Introducing PaliGemma 2: Powerful Vision-Language Models, Simple Fine-Tuning

DEC. 5, 2024

Daniel Keysers Research Engineer

Andreas Steiner Staff Software Engineer

Building custom, advanced AI that can "see" used to be a complex and resource-intensive endeavor. Not anymore. This past May, we launched PaliGemma, the first vision-language model in the Gemma family, taking a significant step toward making class-leading visual AI more accessible. Now, we're thrilled to introduce PaliGemma 2, the next evolution in tunable vision-language models.

PaliGemma 2 builds upon the performant Gemma 2 models, adding the power of vision and making it easier than ever to fine-tune for exceptional performance. With PaliGemma 2, these models can see, understand, and interact with visual input, opening up a world of new possibilities.

What’s new in PaliGemma 2?

Scalable performance: Optimize performance for any task with PaliGemma 2's multiple model sizes (3B, 10B, 28B parameters) and resolutions (224px, 448px, 896px).

Long captioning: PaliGemma 2 generates detailed, contextually relevant captions for images, going beyond simple object identification to describe actions, emotions, and the overall narrative of the scene.

Expanding to new horizons: Our research demonstrates leading performance on chemical formula recognition, music score recognition, spatial reasoning, and chest X-ray report generation, as detailed in the technical report.

Upgrading to PaliGemma 2 is a breeze for existing PaliGemma users.
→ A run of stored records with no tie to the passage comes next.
lemma asymptotic_class_bounded_small_sizes:
  assumes "asymptotic_class N K" and "fv \<phi> \<subseteq> {..m}"
  shows "\<exists>k. \<forall>L. \<exists>M. \<forall>A\<in>K. M \<le> card (carrier A) \<longrightarrow> card (defset_sizes A \<phi> m \<inter> {..L}) \<le> k"
proof -
  from assms(1)[unfolded asymptotic_class_def, rule_format, OF assms(2)]
  obtain D :: "(real \<times> real \<times> fm) list" where
    pieces: "\<forall>(d, \<mu>, \<theta>)\<in>set D.
      (\<exists>j\<le>N. d = real j / real N) \<and> 0 \<le> \<mu> \<and> (d \<noteq> 0 \<longrightarrow> 0 < \<mu>) \<and> fv \<theta> \<subseteq> {1..m}"
    and partition: "\<forall>A\<in>K. \<forall>bs\<in>tuples A m. \<exists>!i. i < length D \<and> sat_par A (snd (snd (D ! i))) bs"
    and estimate: "\<forall>i<length D. \<forall>\<epsilon>>0. \<exists>M::nat. \<forall>A\<in>K. M \<le> card (carrier A) \<longrightarrow>
      (\<forall>bs\<in>tuples A m. sat_par A (snd (snd (D ! i))) bs \<longrightarrow>
        \<bar>real (card (defset A \<phi> bs)) - fst (snd (D ! i)) * real (card (carrier A)) powr fst (D ! i)\<bar>
          \<le> \<epsilon> * real (card (carrier A)) powr fst (D ! i))"
    by (elim exE conjE) (rule that)
  define d where "d i = fst (D ! i)" for i
  define \<mu> where "\<mu> i = fst (snd (D ! i))" for i
  define \<theta> where "\<theta> i = snd (snd (D ! i))" for i
  define size :: "('a, 'b) lt_struct_scheme \<times> 'a list \<Rightarrow> real"
    where "size = (\<lambda>(A, bs). real (card (defset A \<phi> bs)))"
  define X where "X i n = {(A, bs). A \<in> K \<and> card (carrier A) = n \<and> bs \<in> tuples A m \<and> sat_par A (\<theta> i) bs}"
    for i n
  have near: "\<forall>\<^sub>F n in sequentially. \<forall>x\<in>X i n. size x \<le> L \<longrightarrow> \<bar>size x - \<mu> i\<bar> \<le> 1/4"
    if i: "i < length D" for i and L :: real
  proof (rule eventually_bounded_size_near_coefficient)
    obtain d' \<mu>' \<theta>' where Di: "D ! i = (d', \<mu>', \<theta>')"
      by (cases "D ! i")
    then have "(\<exists>j\<le>N. d' = real j / real N) \<and> (d' \<noteq> 0 \<longrightarrow> 0 < \<mu>')"
      using bspec[OF pieces nth_mem[OF i]] by simp
    then show "0 \<le> d i" and "d i \<noteq> 0 \<Longrightarrow> 0 < \<mu> i"
      using Di unfolding d_def \<mu>_def by auto
  next
    fix \<epsilon> :: real assume "0 < \<epsilon>"
    then obtain M :: nat where "\<forall>A\<in>K. M \<le> card (carrier A) \<longrightarrow> (\<forall>bs\<in>tuples A m. sat_par A (\<theta> i) bs \<longrightarrow>
        \<bar>real (card (defset A \<phi> bs)) - \<mu> i * real (card (carrier A)) powr d i\<bar>
          \<le> \<epsilon> * real (card (carrier A)) powr d i)"
      using estimate i unfolding d_def \<mu>_def \<theta>_def by blast
    then show "\<forall>\<^sub>F n in sequentially. \<forall>x\<in>X i n. \<bar>size x - \<mu> i * real n powr d i\<bar> \<le> \<epsilon> * real n powr d i"
      unfolding eventually_sequentially X_def size_def by auto
  qed
  show ?thesis
  proof (rule exI[of _ "length D"], intro allI)
    fix L :: nat
    have "\<forall>\<^sub>F n in sequentially. \<forall>i\<in>{..<length D}. \<forall>x\<in>X i n. size x \<le> real L \<longrightarrow> \<bar>size x - \<mu> i\<bar> \<le> 1/4"
      using near by (intro eventually_ball_finite) auto
    then obtain M where M: "\<And>n i x. \<lbrakk>M \<le> n; i < length D; x \<in> X i n; size x \<le> real L\<rbrakk>
        \<Longrightarrow> \<bar>size x - \<mu> i\<bar> \<le> 1/4"
      unfolding eventually_sequentially by auto
    show "\<exists>M. \<forall>A\<in>K. M \<le> card (carrier A) \<longrightarrow> card (defset_sizes A \<phi> m \<inter> {..L}) \<le> length D"
    proof (intro exI[of _ M] ballI impI)
      fix A assume A: "A \<in> K" "M \<le> card (carrier A)"
      let ?S = "defset_sizes A \<phi> m \<inter> {..L}"
      show "card ?S \<le> length D"
      proof (rule card_le_if_near_reals)
        fix s assume s: "s \<in> ?S"
        obtain bs where bs: "bs \<in> tuples A m" "s = card (defset A \<phi> bs)" "s \<le> L"
          using s unfolding defset_sizes_def by auto
        obtain i where "i < length D" "sat_par A (\<theta> i) bs"
          using partition A(1) bs(1) unfolding \<theta>_def by blast
        then show "\<exists>i<length D. \<bar>real s - \<mu> i\<bar> \<le> 1/4"
          using M[OF A(2), of i "(A, bs)"] A(1) bs unfolding X_def size_def by auto
      qed
    qed
  qed
qed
It's designed as a drop-in replacement, offering a range of model sizes with immediate performance gains on most tasks without major code modifications. Additionally, its flexibility makes fine-tuning for specific tasks and datasets straightforward, empowering you to tailor its capabilities to your precise needs.

You can learn more about how PaliGemma 2 works, including when to use more parameters and larger resolutions, in our technical report.

Building on the success of PaliGemma

Since its launch, the Gemma family has rapidly grown into a vibrant ecosystem—the Gemmaverse—with tens of thousands of models and applications. This rapid growth is a testament to the community's ingenuity. Early innovations using PaliGemma, such as ColPali's advancements in visual document retrieval, RoboFlow's fine-tuning techniques, and progress in real-time object tracking, demonstrate the expanding potential of the Gemmaverse.

Get started today

Ready to explore the potential of PaliGemma 2? Here's how:

Download models & code: Find the pre-trained models and code on Hugging Face and Kaggle.

Learn & integrate: Dive into our comprehensive documentation and example notebooks to quickly integrate these powerful tools into your projects. For PaliGemma, start with our inference notebook then try fine-tuning with a custom dataset.

Use your preferred framework: Leverage your preferred tools and frameworks, including Hugging Face Transformers, Keras, PyTorch, JAX, and Gemma.cpp.

We're incredibly excited to see what you create with PaliGemma 2. Join the vibrant Gemma community, share your projects to the Gemmaverse, and let's continue to explore the boundless potential of AI together. Your feedback and contributions are invaluable in shaping the future of these models and driving innovation in the field.